Citation: Brosnan, S. F., & De Waal, F. B. (2003). Monkeys reject unequal pay. Nature, 425(6955), 297-299.
Date of interview: 11th October 2016 (via Skype)
Hari Sridhar: I want to start by asking you about your motivation to do the work presented in this paper. By looking at your publication profile, I came to know that this formed part of your PhD work, and so I wanted to ask how this fitted in with the rest of the work you did in your PhD.

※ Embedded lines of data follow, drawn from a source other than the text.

text \<open>Split the co-range of g into disjoint infinite sets A and B and take ranked injections
  v into A and w into B.  Then g = u o v, where u follows g o v^-1 on range v and w elsewhere;
  u is injective because range g and B are disjoint, and A lies outside range u.\<close>
lemma Inj_inf_product_of_rays:
  fixes g :: "'a \<Rightarrow> 'a"
  assumes "countable (UNIV :: 'a set)" "g \<in> Inj_inf"
  obtains u v where "ray_injection u" "ray_injection v" "g = u \<circ> v"
proof -
  have g: "inj g" "infinite (- range g)"
    using assms(2) by (auto simp: Inj_inf_def Compl_eq_Diff_UNIV)
  obtain A B where AB: "A \<subseteq> - range g" "B \<subseteq> - range g" "infinite A" "infinite B" "A \<inter> B = {}"
    using infinite_split[OF g(2)] by blast
  obtain v where v: "inj v" "range v \<subseteq> A" "ranked v"
    using ranked_injection_into[OF assms(1) AB(3)] by blast
  obtain w where w: "inj w" "range w \<subseteq> B" "ranked w"
    using ranked_injection_into[OF assms(1) AB(4)] by blast
  obtain rw :: "'a \<Rightarrow> nat" where rw: "\<And>x. rw x < rw (w x)" using w(3) unfolding ranked_def by blast
  define u where "u = (\<lambda>y. if y \<in> range v then (g \<circ> inv v) y else w y)"
  have g_eq: "g = u \<circ> v" by (rule ext) (simp add: u_def v(1))
  have u_in_g: "u y \<in> range g" if "y \<in> range v" for y using that by (simp add: u_def)
  have u_in_B: "u y \<in> B" if "y \<notin> range v" for y using that w(2) by (auto simp: u_def)
  have range_u: "range u \<subseteq> range g \<union> B" using u_in_g u_in_B by blast
  have "inj_on (g \<circ> inv v) (range v)"
    using inj_on_inv_into[of "range v" v UNIV] inj_on_subset[OF g(1)] by (blast intro: comp_inj_on)
  moreover have "inj_on w (- range v)" using w(1) by (rule inj_on_subset) simp
  moreover have "(g \<circ> inv v) ` range v \<inter> w ` (- range v) = {}" using w(2) AB(2) by auto
  ultimately have "inj u" unfolding u_def by (rule inj_glue)
  moreover have "ranked u"
  proof -
    define r where "r y = (if y \<in> range v then 0 else Suc (rw y))" for y
    have "u y \<notin> range v" for y using range_u v(2) AB(1,5) by blast
    then have "r y < r (u y)" for y using rw[of y] by (simp add: r_def u_def)
    then show ?thesis unfolding ranked_def by blast
  qed
  moreover have "A \<subseteq> - range u" using range_u AB(1,5) by blast
  then have "infinite (- range u)" using AB(3) by (rule infinite_super)
  moreover have "B \<subseteq> - range v" using v(2) AB(5) by blast
  then have "infinite (- range v)" using AB(4) by (rule infinite_super)
  ultimately show ?thesis using that[of u v] g_eq v(1,3) unfolding ray_injection_def by blast
qed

Sarah Brosnan: It’s an interesting story. When I first started graduate school, my graduate advisor, Frans de Waal, told us that the best way to learn about the animals was to spend lots of time watching them. The best questions derive from the animals’ natural behaviours. One day I was outside doing exactly that, as well as feeding the monkeys. When you feed a monkey group, the dominant monkey will try to grab everything. To avoid that, you hold a treat in one hand, off to the side, and try to tempt the dominant monkey over there, while not letting him have it and simultaneously feeding the other monkeys with the other hand. I was doing that with the peanuts and the dominant male, Ozzie, finally got frustrated with this. He ran back to the inside area of their enclosure and came back with a piece of monkey chow. He pushed it through the fence at me and tried to get the peanut. When I didn’t give it to him, he went back inside, where they had just gotten their fruit and vegetable trays, and returned with an orange peel. Then he did the same thing, pushing the orange peel through the fence at me. Again, I didn’t give him the peanut. Then he went inside again and came out with a whole quarter of an orange, which is quite large, of course, and he pushed that through the fence to me. I finally gave him the peanut, but it got me thinking, because I was relatively certain that if I walked up to Ozzie and offered him a choice between a single peanut and quarter of an orange, he would chose the quarter of the orange. If so, it was possible that he wanted the peanut because everybody else was getting one. Now, oranges weren’t a terribly limited resource, because they had just gotten their fruit and vegetable tray, so he could have gone inside and gotten another orange. But it was a very interesting interaction, and I really wanted to know whether my thought was right.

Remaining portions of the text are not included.